Compatibility between PostgreSQL and Oracle — Data Sampling and Desensitization

Image for post
Image for post

Background

Data sampling and desensitization are common test functions. For example, if you use online services to create a test database, you cannot extract the entire database but need to encrypt sensitive data.

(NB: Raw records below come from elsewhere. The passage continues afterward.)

lemma digit_mult_add:
  fixes q l k :: nat
  assumes "k < q"
  shows "(l * q + k) div q ^ Suc i mod q = l div q ^ i mod q"
    and "(l * q + k) div q ^ 0 mod q = k"
proof -
  have "(l * q + k) div q = l" using assms by simp
  then show "(l * q + k) div q ^ Suc i mod q = l div q ^ i mod q"
    by (simp add: div_mult2_eq power_Suc)
  show "(l * q + k) div q ^ 0 mod q = k" using assms by simp
qed

text \<open>Column j of W carries the monomial whose exponents are the base-p digits of j.\<close>

lemma digit_monomials_independent:
  fixes c :: "nat \<Rightarrow> 'p::prime_card mod_ring"
  assumes "\<And>y. (\<Sum>j<CARD('p) ^ m. c j * (\<Prod>i<m. y i ^ (j div CARD('p) ^ i mod CARD('p)))) = 0"
  shows "\<forall>j<CARD('p) ^ m. c j = 0"
  using assms
proof (induction m arbitrary: c)
  case 0
  then show ?case by simp
next
  case (Suc m)
  let ?p = "CARD('p)"
  have "\<forall>l<?p ^ m. c (l * ?p + k) = 0" if k: "k < ?p" for k
  proof (rule Suc.IH)
    fix z :: "nat \<Rightarrow> 'p mod_ring"
    define T where "T k = (\<Sum>l<?p ^ m. c (l * ?p + k) * (\<Prod>i<m. z i ^ (l div ?p ^ i mod ?p)))"
      for k
    have "\<forall>k<?p. T k = 0"
    proof (rule sum_powers_vanishing_imp_coeffs_zero)
      fix t
      define y where "y = case_nat t z"
      have "0 = (\<Sum>j<?p ^ Suc m. c j * (\<Prod>i<Suc m. y i ^ (j div ?p ^ i mod ?p)))"
        using Suc.prems[of y] by simp
      also have "\<dots> = (\<Sum>k<?p. \<Sum>l<?p ^ m. c (l * ?p + k) *
                 (\<Prod>i<Suc m. y i ^ ((l * ?p + k) div ?p ^ i mod ?p)))"
        unfolding power_Suc2 by (rule sum_lessThan_mult_split)
      also have "\<dots> = (\<Sum>k<?p. T k * t ^ k)"
      proof (rule sum.cong[OF refl])
        fix k assume "k \<in> {..<?p}"
        then have k: "k < ?p" by simp
        have "(\<Prod>i<Suc m. y i ^ ((l * ?p + k) div ?p ^ i mod ?p)) =
              t ^ k * (\<Prod>i<m. z i ^ (l div ?p ^ i mod ?p))" for l
          unfolding prod.lessThan_Suc_shift using digit_mult_add[OF k, of l] by (simp add: y_def)
        then show "(\<Sum>l<?p ^ m. c (l * ?p + k) *
              (\<Prod>i<Suc m. y i ^ ((l * ?p + k) div ?p ^ i mod ?p))) = T k * t ^ k"
          unfolding T_def sum_distrib_right by (simp add: ac_simps)
      qed
      finally show "(\<Sum>k<?p. T k * t ^ k) = 0" by simp
    qed
    then show "(\<Sum>l<?p ^ m. c (l * ?p + k) * (\<Prod>i<m. z i ^ (l div ?p ^ i mod ?p))) = 0"
      using k unfolding T_def by simp
  qed
  moreover have "j = j div ?p * ?p + j mod ?p" "j mod ?p < ?p" for j
    by simp_all
  moreover have "j div ?p < ?p ^ m" if "j < ?p ^ Suc m" for j
    using that by (simp add: div_less_iff_less_mult mult.commute)
  ultimately show ?case by metis
qed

Consider the following Oracle example.

SELECT COUNT(innerQuery.C1) FROM (
SELECT ? AS C1FROM RM_SALE_APPORTION SAMPLE BLOCK (?, ?) SEED (?) "RM_SALE_APPORTION"
) innerQuery

SAMPLE [ BLOCK ]
(sample_percent)
[ SEED (seed_value) ]
A variant of the SAMPLE clause is SAMPLE BLOCK, where each block of
records has the same chance of being selected, 20% in our example.
Since records are selected at the block level, this offers a performance improvement for
large tables and should not adversely impact the randomness of the sample.
sample_clause
The sample_clause lets you instruct Oracle to select from a random sample of rows from the table, rather than from the entire table.
BLOCK
BLOCK instructs Oracle to perform random block sampling instead of random row sampling.
sample_percent
sample_percent is a number specifying the percentage of the total row or block count to be included in the sample. The value must be in the range .000001 to (but not including) 100.
Restrictions on Sampling During Queries
You can specify SAMPLE only in a query that selects from a single table. Joins are not supported.
However, you can achieve the same results by using a CREATE TABLE ... AS SELECT query to materialize a sample of an underlying table and then rewrite the original query to refer to the newly created table sample.
If you wish, you can write additional queries to materialize samples for other tables.
When you specify SAMPLE, Oracle automatically uses cost-based optimization. Rule-based optimization is not supported by this clause.
--------------------------------------------------------------------------------
Caution:
The use of statistically incorrect assumptions when using this feature can lead to incorrect or undesirable results.
--------------------------------------------------------------------------------

PostgreSQL also provides the sampling function as shown below.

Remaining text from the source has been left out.